The primary aim of the "Novel Excerpts" blog category is to showcase my creative writing, specifically from the novels I've written. Hopefully, these posts will provide a glimpse into my storytelling style, themes, and narrative skills. It's an opportunity to share my artistic expressions and the worlds I've created through my novels.
The Boaz Stenographer, written in 2018, is my fourth novel. I'll post a chapter a day over the next few weeks.
Book Blurb
Walt Shepherd, a 35 year veteran of the White House’s stenographic team, is fired by President Andrew Kane for refusing to lie.
Walt returns to his hometown of Boaz, Alabama and renews his relationship with Regina Gillan, his high school sweetheart, who he had ditched right before graduation to marry the daughter of a prominent local businessman. Regina has recently moved back to Boaz after forty years in Chicago working at the Tribune. She is now editor of the Sand Mountain Reporter, a local newspaper.
Walt and Regina’s relationship transforms into a once in life love at the same time they are being immersed in a growing local and national divide between Democrats and traditional Republicans, and extremist Republicans (known as Kanites) who are becoming more dogmatic about the revolution that began during President Kanes campaign.
Walt accepts two part-time jobs. One as a stenography instructor at Snead State Community College in Boaz, and one as an itinerant stenographer with Rains & Associates out of Birmingham.
Walt later learns the owner of Rains & Associates is also one of five men who created the Constitution Foundation and is involved in a sinister plot to destroy President Kane, but is using an unorthodox method to achieve its objective.
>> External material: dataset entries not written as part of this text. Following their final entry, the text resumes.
(* Let $\mathbb{K}$ be either $\mathbb{R}$ or $\mathbb{C}$, with all coefficients and solutions in $\mathbb{K}$. Let $D$ be a positive integer and let $1 \le D < q \le \infty$. Let $I$ be an infinite set. For all $i\in I$ and $d \in \{1,\dots,D\}$ let $\mathbf{a}_{i,d} = (a_{i,d,j})_{j=1}^\infty \in \ell^{q/(q-d)}$, and let $b_i \in \mathbb{K}$. For all $i \in I$ consider the multiplicative polynomial equation \[ P_i(\mathbf{x}) = \sum_{k=1}^{D} \sum_{(d_1,\dots,d_k)\in \mathcal{D}_k} (\mathbf{a}_{i,d_1}, \mathbf{x}^{d_1}) (\mathbf{a}_{i,d_2}, \mathbf{x}^{d_2}) \cdots (\mathbf{a}_{i,d_k}, \mathbf{x}^{d_k}) = b_i, \] where $(\mathbf{a}_{i,d},\mathbf{x}^d) = \sum_{j=1}^\infty a_{i,d,j} x_j^d$. Equivalently, $P_i(\mathbf{x}) = \sum_{k=1}^D\sum_{\Delta\in\mathcal{D}_k}\sum_{J\in\mathbb{N}^k} a_{i,\Delta,J}\, x_J^{\Delta}$ with $a_{i,(d_1,\dots,d_k),(j_1,\dots,j_k)} = a_{i,d_1,j_1}\cdots a_{i,d_k,j_k}$ and $x_J^\Delta = x_{j_1}^{d_1}\cdots x_{j_k}^{d_k}$. Let $M>0$. If for every finite subset $S$ of $I$ the finite set of equations $\{P_i(\mathbf{x}) = b_i : i \in S\}$ has a solution $\mathbf{x}_S \in \ell^q$ with $\|\mathbf{x}_S\|_q \le M$, then the infinite set of equations $\{P_i(\mathbf{x}) = b_i : i\in I\}$ has a solution $\mathbf{x} \in \ell^q$ with $\|\mathbf{x}\|_q \le M$.
   Context: $\mathbb{N}=\{1,2,3,\dots\}$. For $k\in\{1,\dots,D\}$, $\mathcal{D}_k = \{(d_1,\dots,d_k)\in\mathbb{N}^k : d_1+\cdots+d_k \le D\}$. For $q=\infty$ one sets $q/(q-d)=1$ and $q/d=\infty$. $\ell^p$ ($1\le p<\infty$) denotes sequences with $\|\mathbf{a}\|_p=(\sum_j|a_j|^p)^{1/p}<\infty$ and $\ell^\infty$ bounded sequences with the sup norm; $\mathbf{x}^d = (x_j^d)_{j\ge1}$. For $\mathbf{x}\in\ell^q$ each series $(\mathbf{a}_{i,d},\mathbf{x}^d)$ converges absolutely by Hölder's inequality, since $\mathbf{x}^d\in\ell^{q/d}$ and $(q/(q-d), q/d)$ is a conjugate pair. *)

theory Defs
  imports "HOL-Analysis.Analysis"
begin

text \<open>Sequences are indexed by nat (index 0 plays the role of j = 1).
  Exponents live in ereal so that q = \<infinity> is allowed.\<close>

definition in_lp :: "ereal \<Rightarrow> (nat \<Rightarrow> 'k::real_normed_vector) \<Rightarrow> bool" where
  "in_lp p x = (if p = \<infinity> then bdd_above (range (\<lambda>j. norm (x j)))
                else summable (\<lambda>j. norm (x j) powr real_of_ereal p))"

definition lp_norm :: "ereal \<Rightarrow> (nat \<Rightarrow> 'k::real_normed_vector) \<Rightarrow> real" where
  "lp_norm p x = (if p = \<infinity> then (SUP j. norm (x j))
                  else (\<Sum>j. norm (x j) powr real_of_ereal p) powr (1 / real_of_ereal p))"

definition dual_exp :: "ereal \<Rightarrow> nat \<Rightarrow> ereal" where
  "dual_exp q d = (if q = \<infinity> then 1 else q / (q - ereal (real d)))"

definition pairing :: "(nat \<Rightarrow> 'k::real_normed_field) \<Rightarrow> (nat \<Rightarrow> 'k) \<Rightarrow> nat \<Rightarrow> 'k" where
  "pairing a x d = (\<Sum>j. a j * x j ^ d)"

definition Dtuples :: "nat \<Rightarrow> nat \<Rightarrow> nat list set" where
  "Dtuples D k = {ds. length ds = k \<and> (\<forall>d\<in>set ds. 1 \<le> d) \<and> sum_list ds \<le> D}"

definition mult_poly :: "nat \<Rightarrow> (nat \<Rightarrow> nat \<Rightarrow> 'k::real_normed_field) \<Rightarrow> (nat \<Rightarrow> 'k) \<Rightarrow> 'k" where
  "mult_poly D a x = (\<Sum>k\<in>{1..D}. \<Sum>ds\<in>Dtuples D k. prod_list (map (\<lambda>d. pairing (a d) x d) ds))"

end

(*
  The closed ball B = {x. in_lp q x \<and> lp_norm q x \<le> M} is compact in the product topology on
  sequences: it is closed, and it lies in a product of closed balls of the scalar field, which is
  compact by Tychonoff because every real normed field is \<real> or \<complex> (Mazur; proved here by
  minimising norm ((\<xi> - a)\<^sup>2 + v) over a \<in> \<real>, v \<ge> 0). On B the terms of each pairing
  (a, x\<^sup>d) are dominated by one summable sequence up to a remainder of arbitrarily small total
  mass (Young's inequality for the exponents q/(q-d) and q/d), so the pairings, and with them all
  P_i, are continuous on B. Hence the solution sets {x \<in> B. P_i x = b_i} are closed subsets of
  a compact set with the finite intersection property, and they have a common point.
*)

theory Submission
  imports Defs "HOL-Computational_Algebra.Polynomial"
begin

section \<open>Odd powers as products of real quadratics\<close>

lemma map_poly_of_real_add:
  "map_poly (of_real :: real \<Rightarrow> 'a::{real_algebra_1,comm_ring_1}) (p + q) =
   map_poly of_real p + map_poly of_real q"
  by (intro poly_eqI) (simp add: coeff_map_poly)

lemma map_poly_of_real_mult:
  "map_poly (of_real :: real \<Rightarrow> 'a::{real_algebra_1,comm_ring_1}) (p * q) =
   map_poly of_real p * map_poly of_real q"
  by (intro poly_eqI) (simp add: coeff_map_poly coeff_mult)

lemma map_poly_of_real_prod:
  "map_poly (of_real :: real \<Rightarrow> 'a::{real_algebra_1,comm_ring_1}) (\<Prod>k\<in>A. p k) =
   (\<Prod>k\<in>A. map_poly of_real (p k))"
  by (induction A rule: infinite_finite_induct) (auto simp: map_poly_of_real_mult)

lemma poly_map_poly_of_real_linear:
  "poly (map_poly (of_real :: real \<Rightarrow> 'a::{real_algebra_1,comm_ring_1}) [:c, 1:]) y = y + of_real c"
  by (simp add: map_poly_pCons)

lemma poly_map_poly_of_real_quadratic:
  "poly (map_poly (of_real :: real \<Rightarrow> 'a::{real_algebra_1,comm_ring_1}) [:c, b, 1:]) y =
   y\<^sup>2 + of_real b * y + of_real c"
  by (simp add: map_poly_pCons power2_eq_square algebra_simps)

lemma poly_map_poly_of_real_const_add_monom:
  "poly (map_poly (of_real :: real \<Rightarrow> 'a::{real_algebra_1,comm_ring_1}) ([:c:] + monom 1 n)) y =
   y ^ n + of_real c"
  unfolding map_poly_of_real_add by (simp add: map_poly_pCons map_poly_monom poly_monom)

lemma cis_quadratic_root:
  "(- (complex_of_real e * cis t))\<^sup>2 + complex_of_real (2 * e * cos t) * (- (complex_of_real e * cis t))
     + complex_of_real (e\<^sup>2) = 0"
  by (simp add: complex_eq_iff power2_eq_square cos_double sin_double algebra_simps)
    (metis distrib_left mult_1_right sin_cos_squared_add3)

lemma odd_power_add_root_imp_factor_root:
  fixes e :: real and z :: complex
  assumes e: "e \<noteq> 0" and n: "n = 2 * j + 1" and z: "z ^ n = - (complex_of_real e ^ n)"
  shows "poly (map_poly complex_of_real
    ([:e, 1:] * (\<Prod>k\<in>{1..j}. [:e\<^sup>2, 2 * e * cos (2 * pi * real k / real n), 1:]))) z = 0"
proof -
  let ?q = "\<lambda>k::nat. [:e\<^sup>2, 2 * e * cos (2 * pi * real k / real n), 1:]"
  let ?C = "map_poly complex_of_real"
  have "0 < n"
    using n by simp
  define w where "w = - z / complex_of_real e"
  have "w ^ n = 1"
    using z e n by (simp add: w_def power_divide)
  then have "w \<in> (\<lambda>k. cis (2 * pi * k / n)) ` {..<n}"
    using bij_betw_imp_surj_on[OF Complex.bij_betw_roots_unity[OF \<open>0 < n\<close>]] by simp
  then obtain k where k: "k < n" and "w = cis (2 * pi * k / n)"
    by auto
  moreover have "z = - (complex_of_real e * w)"
    using e by (simp add: w_def)
  ultimately have z: "z = - (complex_of_real e * cis (2 * pi * k / n))"
    by simp
  have root: "poly (?C (?q k)) z = 0"
    unfolding z poly_map_poly_of_real_quadratic by (rule cis_quadratic_root)
  show ?thesis
  proof (cases "k = 0")
    case True
    then show ?thesis
      unfolding map_poly_of_real_mult poly_mult by (simp add: z map_poly_pCons)
  next
    case False
    \<comment> \<open>for \<open>k > j\<close> the root \<open>z\<close> belongs to the factor of index \<open>n - k\<close>\<close>
    define k' where "k' = (if k \<le> j then k else n - k)"
    have "k' \<in> {1..j}"
      using False k n unfolding k'_def by auto
    moreover have "?q k' = ?q k"
    proof -
      have "cos (2 * pi * real (n - k) / n) = cos (2 * pi - 2 * pi * k / n)"
        using k n by (simp add: diff_divide_distrib right_diff_distrib)
      then show ?thesis
        by (simp add: k'_def)
    qed
    ultimately have "(\<Prod>k\<in>{1..j}. poly (?C (?q k)) z) = 0"
      using root by (metis finite_atLeastAtMost prod_zero)
    then show ?thesis
      unfolding map_poly_of_real_mult map_poly_of_real_prod poly_mult poly_prod by simp
  qed
qed
lemma notin_A_decompose:
  assumes "f \<in> carrier G" "f \<notin> A"
  obtains a us where "a \<in> A" "reduced us" "us \<noteq> []" "hd us \<notin> A" "f = a \<otimes> mprod G us"
proof -
  obtain ws c where ws: "reduced ws" "c \<in> C" "f = mprod G ws \<otimes> c"
    using normal_form_exists[OF assms(1)] by blast
  have "ws \<noteq> []"
    using ws assms(2) C_subset_A by auto
  then obtain xs x where xs: "ws = xs @ [x]"
    by (cases ws rule: rev_cases) auto
  have "reduced (xs @ [x \<otimes> c])"
    using reduced_snoc_mult_C ws xs by blast
  moreover have "f = mprod G (xs @ [x \<otimes> c])"
    using reduced_carrier[OF ws(1)] ws(2,3) by (simp add: xs mprod_append m_assoc)
  ultimately obtain u vs where vs: "reduced (u # vs)" "f = mprod G (u # vs)"
    by (cases "xs @ [x \<otimes> c]") auto
  have carrier: "u \<in> carrier G" "set vs \<subseteq> carrier G"
    using reduced_carrier[OF vs(1)] by auto
  show thesis
  proof (cases "u \<in> A")
    case True
    then have "vs \<noteq> []"
      using vs carrier assms(2) by auto
    then show thesis
      using that[of u vs] True vs unfolding reduced_Cons alternate_def by auto
  next
    case False
    then show thesis
      using that[of \<one> "u # vs"] vs carrier by simp
  qed
qed

end


section \<open>Conjugates of a normal subsemigroup\<close>

locale amalgam_normal_subsemigroup = amalgam +
  fixes P :: "'a set"
  assumes normal_subsemigroup: "normal_subsemigroup G P A" and P_disjoint_C: "P \<inter> C = {}"
begin

lemma P_subset_A: "P \<subseteq> A"
  and P_mult: "x \<in> P \<Longrightarrow> y \<in> P \<Longrightarrow> x \<otimes> y \<in> P"
  and conjg_in_P: "x \<in> P \<Longrightarrow> h \<in> A \<Longrightarrow> conjg G x h \<in> P"
  using normal_subsemigroup unfolding normal_subsemigroup_def by auto

lemma P_carrier: "x \<in> P \<Longrightarrow> x \<in> carrier G"
  using P_subset_A A.subset by blast

lemma C_conj_in_P: "x \<in> P \<Longrightarrow> c \<in> C \<Longrightarrow> c \<otimes> x \<otimes> inv c \<in> P"
  using conjg_in_P[of x "inv c"] C_subset_A by (auto simp: conjg_def)

lemma in_set_mult_iff: "x \<in> P <#> C \<longleftrightarrow> (\<exists>p\<in>P. \<exists>c\<in>C. x = p \<otimes> c)"
  by (auto simp: set_mult_def)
The Foundation is doing everything it can to prevent President Kane from being reelected in 2020, and is scheming to initiate a civil war that will hopefully restore allegiance to the U.S. Constitution.
While Walt is writing a book, The Coming Civil War, he is, unwittingly, gathering key information for the Constitution Foundation.
Will Walt discover a connection between the Foundation and the deaths of three U.S. Congressmen in time to save his relationship with Regina, prevent President Kane from being reelected as the defacto head of a Christian theocracy, and the eruption of a civil war that could destroy the Nation ?
Chapter 4
My meeting with Dean Naylor was cut short by a ‘human issue’ as he called it. Seems like an assistant coach and the new head basketball coach hired during the Christmas holidays were having difficulty expressing brotherly love. During the twenty minutes we had before Naylor was called to the gymnasium, we discussed the second semester stenographic course I was to teach on Monday and Thursday evenings from 6:00 to 9:00 p.m., including lab time. From his bragging about Snead State winning last year’s Tri-State Regional Stenographic Tournament, I could tell he had high expectations. He also was supportive of my decision to stand up against the President. As Naylor was rushing out of his office he said, “Thanks for being a man of principle when you chose truth over job security. Let’s have lunch one day soon and I’ll introduce you to a couple of other supporters.” With that, he was gone leaving me sitting in his office.
For five minutes or so I continued to sit and reminisce. After graduating from Boaz High School in 1972, I couldn’t make my mind up about what profession I wanted to pursue. So, I spent the next year here, what was then called Snead State Junior College, taking general curriculum courses. The Dean’s secretary came in and said she had to run an errand and needed to lock-up his office. I walked out and instead of descending the nearby stairs to the first floor I walked down the long hallway towards the classroom Jennifer and I had taken a Speech class together. The room was the old auditorium. I sat down in a seat closest to the area I remembered sitting every day during that semester. I imagined Jennifer right beside me, her blowing that crazy, unruly black curl out of her right eye. That was January 1973. Where in hell had forty-five years gone? “You got to leave, I’m locking up.” A short, older man holding a key ring with a hundred keys shouted from the double doors by the hallway.